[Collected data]
(* Let $X$ be a real random variable with cumulative distribution function $F$, $\bar F=1-F$, and assume there exists $\epsilon>0$ with $\mathbb{E}[e^{(1+\epsilon)X}]<\infty$. Let $c(k)=\int_k^\infty(e^x-e^k)\,dF(x)$. If $-\log\bar F\in R_\alpha$ for some $\alpha\ge1$, then $-\log c\in R_\alpha$ and, as $k\to\infty$, $$-\log c(k)\sim -k-\log\bar F(k).$$
   Context: A measurable function $g$, positive for large $x$, is in $R_\alpha$ (regularly varying at $+\infty$ with index $\alpha$) if $\lim_{x\to\infty}g(\lambda x)/g(x)=\lambda^\alpha$ for every $\lambda>0$. $g\sim h$ means $g(k)/h(k)\to1$ as $k\to\infty$. *)

theory Defs
  imports "HOL-Probability.Probability"
begin

definition regvar :: "(real \<Rightarrow> real) \<Rightarrow> real \<Rightarrow> bool" where
  "regvar g a \<longleftrightarrow> g \<in> borel_measurable borel \<and> (\<forall>\<^sub>F x in at_top. g x > 0) \<and>
     (\<forall>l>0. ((\<lambda>x. g (l * x) / g x) \<longlongrightarrow> l powr a) at_top)"

definition asym_eq :: "(real \<Rightarrow> real) \<Rightarrow> (real \<Rightarrow> real) \<Rightarrow> bool" where
  "asym_eq g h \<longleftrightarrow> ((\<lambda>k. g k / h k) \<longlongrightarrow> 1) at_top"

definition cdfX :: "'a measure \<Rightarrow> ('a \<Rightarrow> real) \<Rightarrow> real \<Rightarrow> real" where
  "cdfX M X x = measure M {w \<in> space M. X w \<le> x}"

definition tailX :: "'a measure \<Rightarrow> ('a \<Rightarrow> real) \<Rightarrow> real \<Rightarrow> real" where
  "tailX M X x = 1 - cdfX M X x"

definition callX :: "'a measure \<Rightarrow> ('a \<Rightarrow> real) \<Rightarrow> real \<Rightarrow> real" where
  "callX M X k = (\<integral>w. (if X w > k then exp (X w) - exp k else 0) \<partial>M)"

end

theory Submission
  imports Defs
begin

(* Write G = - ln (tail) and H k = G k - k for its excess over the identity.
   For l > 1 the call price dominates e^k times the tail at l k, so
   - ln c(k) <= G(l k) - k; regular variation of G together with the Chernoff bound
   G(k) >= (1 + eps / 2) k turns this into (1 + o(1)) H(k). Conversely, cutting (k, oo)
   into unit cells and using the exponential moment far out bounds c(k) by the sum of
   e^(k+n+1) tail(k+n). Beyond any large k, H increases at least linearly from
   (1 - delta) H(k), so this sum is geometric and - ln c(k) >= (1 - delta) H(k) - O(1).
   Hence - ln c ~ H, and H is regularly varying with the index of G: for alpha > 1
   because k = o(G(k)), for alpha = 1 because the linear terms cancel. *)

lemma regvar_eventually_ratio_ge:
  assumes "regvar g \<alpha>" "0 < l" "b < l powr \<alpha>"
  shows "\<forall>\<^sub>F x in at_top. b * g x \<le> g (l * x)"
proof -
  have "\<forall>\<^sub>F x in at_top. b < g (l * x) / g x"
    using assms unfolding regvar_def by (auto simp: order_tendsto_iff)
  moreover have "\<forall>\<^sub>F x in at_top. 0 < g x"
    using assms(1) unfolding regvar_def by blast
  ultimately show ?thesis
    by eventually_elim (simp add: pos_less_divide_eq less_imp_le)
qed

lemma regvar_eventually_ratio_le:
  assumes "regvar g \<alpha>" "0 < l" "l powr \<alpha> < b"
  shows "\<forall>\<^sub>F x in at_top. g (l * x) \<le> b * g x"
proof -
  have "\<forall>\<^sub>F x in at_top. g (l * x) / g x < b"
    using assms unfolding regvar_def by (auto simp: order_tendsto_iff)
  moreover have "\<forall>\<^sub>F x in at_top. 0 < g x"
    using assms(1) unfolding regvar_def by blast
  ultimately show ?thesis
    by eventually_elim (simp add: pos_divide_less_eq less_imp_le)
qed

lemma dilation_power_lower_bound:
  fixes g :: "real \<Rightarrow> real"
  assumes "1 \<le> l" "0 \<le> \<rho>" "0 \<le> K"
    and step: "\<And>y. K \<le> y \<Longrightarrow> \<rho> * g y \<le> g (l * y)"
    and "K \<le> y"
  shows "\<rho> ^ n * g y \<le> g (l ^ n * y)"
proof (induction n)
  case 0
  then show ?case by simp
next
  case (Suc n)
  have "K \<le> l ^ n * y"
    using assms by (smt (verit) mult_le_cancel_right1 one_le_power)
  have "\<rho> ^ Suc n * g y = \<rho> * (\<rho> ^ n * g y)"
    by simp
  also have "\<dots> \<le> \<rho> * g (l ^ n * y)"
    using Suc.IH \<open>0 \<le> \<rho>\<close> by (rule mult_left_mono)
  also have "\<dots> \<le> g (l ^ Suc n * y)"
    using step[OF \<open>K \<le> l ^ n * y\<close>] by (simp add: mult.assoc)
  finally show ?case .
qed

lemma regvar_superlinear:
  assumes g: "regvar g \<alpha>" and "1 < \<alpha>" "0 < a"
    and lin: "\<forall>\<^sub>F x in at_top. a * x \<le> g x"
  shows "filterlim (\<lambda>x. g x / x) at_top at_top"
proof -
  define \<rho> where "\<rho> = (2 powr \<alpha> + 2) / 2"
  have "2 powr 1 < (2::real) powr \<alpha>"
    using \<open>1 < \<alpha>\<close> by (intro powr_less_mono) auto
  then have \<rho>: "2 < \<rho>" "\<rho> < 2 powr \<alpha>"
    unfolding \<rho>_def by auto
  have "\<forall>\<^sub>F y in at_top. 1 \<le> y \<and> a * y \<le> g y \<and> \<rho> * g y \<le> g (2 * y)"
    using eventually_ge_at_top lin regvar_eventually_ratio_ge[OF g _ \<rho>(2)]
    by (auto intro: eventually_conj)
  then obtain K where "1 \<le> K" and K: "\<And>y. K \<le> y \<Longrightarrow> a * y \<le> g y \<and> \<rho> * g y \<le> g (2 * y)"
    unfolding eventually_at_top_linorder by (metis order.refl order.trans)
  show ?thesis
    unfolding filterlim_at_top
  proof
    fix Z :: real
    obtain n where n: "Z / a < (\<rho> / 2) ^ n"
      using real_arch_pow[of "\<rho> / 2"] \<rho> by auto
    have "Z \<le> g x / x" if "2 ^ n * K \<le> x" for x
    proof -
      define y where "y = x / 2 ^ n"
      have y: "K \<le> y" "x = 2 ^ n * y"
        using that unfolding y_def by (simp_all add: field_simps)
      then have "0 < x"
        using \<open>1 \<le> K\<close> by simp
      have "Z * x \<le> a * (\<rho> / 2) ^ n * x"
        using n \<open>0 < a\<close> \<open>0 < x\<close> by (intro mult_right_mono) (auto simp: field_simps)
      also have "\<dots> = \<rho> ^ n * (a * y)"
        using y(2) by (simp add: field_simps)
      also have "\<dots> \<le> \<rho> ^ n * g y"
        using K[OF y(1)] \<rho> by (intro mult_left_mono) auto
      also have "\<dots> \<le> g x"
        using dilation_power_lower_bound[of 2 \<rho> K g y n] K \<rho> \<open>1 \<le> K\<close> y by simp
      finally show ?thesis
        using \<open>0 < x\<close> by (simp add: pos_le_divide_eq)
    qed
    then show "\<forall>\<^sub>F x in at_top. Z \<le> g x / x"
      unfolding eventually_at_top_linorder by blast
  qed
qed

lemma ident_over_excess_tendsto_zero:
  fixes g :: "real \<Rightarrow> real"
  assumes "filterlim (\<lambda>x. g x / x) at_top at_top"
  shows "((\<lambda>x. x / (g x - x)) \<longlongrightarrow> 0) at_top"
proof -
  have "filterlim (\<lambda>x. - 1 + g x / x) at_top at_top"
    using assms by (rule filterlim_tendsto_add_at_top[OF tendsto_const])
  moreover have "\<forall>\<^sub>F x in at_top. - 1 + g x / x = (g x - x) / x"
    using eventually_gt_at_top[of 0] by eventually_elim (simp add: field_simps)
  ultimately have "filterlim (\<lambda>x. (g x - x) / x) at_top at_top"
    using filterlim_cong by fastforce
  then show ?thesis
    using tendsto_inverse_0_at_top by fastforce
qed

lemma excess_ratio_tendsto:
  fixes g :: "real \<Rightarrow> real"
  assumes lim: "((\<lambda>x. g (l * x) / g x) \<longlongrightarrow> c) at_top"
    and bounds: "\<forall>\<^sub>F x in at_top. 0 < g x \<and> 0 < g x - x \<and> \<bar>g x / (g x - x)\<bar> \<le> B"
    and linear_part: "((\<lambda>x. (c - l) * (x / (g x - x))) \<longlongrightarrow> 0) at_top"
  shows "((\<lambda>x. (g (l * x) - l * x) / (g x - x)) \<longlongrightarrow> c) at_top"
proof -
  have "((\<lambda>x. (g (l * x) / g x - c) * (g x / (g x - x))) \<longlongrightarrow> 0) at_top"
  proof (rule tendsto_0_le[where K = B])
    show "((\<lambda>x. g (l * x) / g x - c) \<longlongrightarrow> 0) at_top"
      using LIM_zero[OF lim] .
    show "\<forall>\<^sub>F x in at_top. norm ((g (l * x) / g x - c) * (g x / (g x - x)))
        \<le> norm (g (l * x) / g x - c) * B"
      using bounds by eventually_elim (metis abs_ge_zero mult_left_mono norm_mult real_norm_def)
  qed
  with linear_part have "((\<lambda>x. c + (g (l * x) / g x - c) * (g x / (g x - x))
      + (c - l) * (x / (g x - x))) \<longlongrightarrow> c + 0 + 0) at_top"
    by (intro tendsto_add tendsto_const)
  moreover have "\<forall>\<^sub>F x in at_top. c + (g (l * x) / g x - c) * (g x / (g x - x))
      + (c - l) * (x / (g x - x)) = (g (l * x) - l * x) / (g x - x)"
    using bounds
  proof eventually_elim
    case (elim x)
    then have "g x \<noteq> 0" "g x - x \<noteq> 0"
      by auto
    then show ?case
      by (simp add: divide_simps) (simp add: algebra_simps)
  qed
  ultimately show ?thesis
    by (simp add: tendsto_cong)
qed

▶ **YOUR TASK**
Nothing but the exact lines of the data above, from the line containing "x \<and> \<bar>g" through the last, should appear in the answer.

▶ **ANSWER SECTION**
    and bounds: "\<forall>\<^sub>F x in at_top. 0 < g x \<and> 0 < g x - x \<and> \<bar>g x / (g x - x)\<bar> \<le> B"
    and linear_part: "((\<lambda>x. (c - l) * (x / (g x - x))) \<longlongrightarrow> 0) at_top"
  shows "((\<lambda>x. (g (l * x) - l * x) / (g x - x)) \<longlongrightarrow> c) at_top"
proof -
  have "((\<lambda>x. (g (l * x) / g x - c) * (g x / (g x - x))) \<longlongrightarrow> 0) at_top"
  proof (rule tendsto_0_le[where K = B])
    show "((\<lambda>x. g (l * x) / g x - c) \<longlongrightarrow> 0) at_top"
      using LIM_zero[OF lim] .
    show "\<forall>\<^sub>F x in at_top. norm ((g (l * x) / g x - c) * (g x / (g x - x)))
        \<le> norm (g (l * x) / g x - c) * B"
      using bounds by eventually_elim (metis abs_ge_zero mult_left_mono norm_mult real_norm_def)
  qed
  with linear_part have "((\<lambda>x. c + (g (l * x) / g x - c) * (g x / (g x - x))
      + (c - l) * (x / (g x - x))) \<longlongrightarrow> c + 0 + 0) at_top"
    by (intro tendsto_add tendsto_const)
  moreover have "\<forall>\<^sub>F x in at_top. c + (g (l * x) / g x - c) * (g x / (g x - x))
      + (c - l) * (x / (g x - x)) = (g (l * x) - l * x) / (g x - x)"
    using bounds
  proof eventually_elim
    case (elim x)
    then have "g x \<noteq> 0" "g x - x \<noteq> 0"
      by auto
    then show ?case
      by (simp add: divide_simps) (simp add: algebra_simps)
  qed
  ultimately show ?thesis
    by (simp add: tendsto_cong)
qed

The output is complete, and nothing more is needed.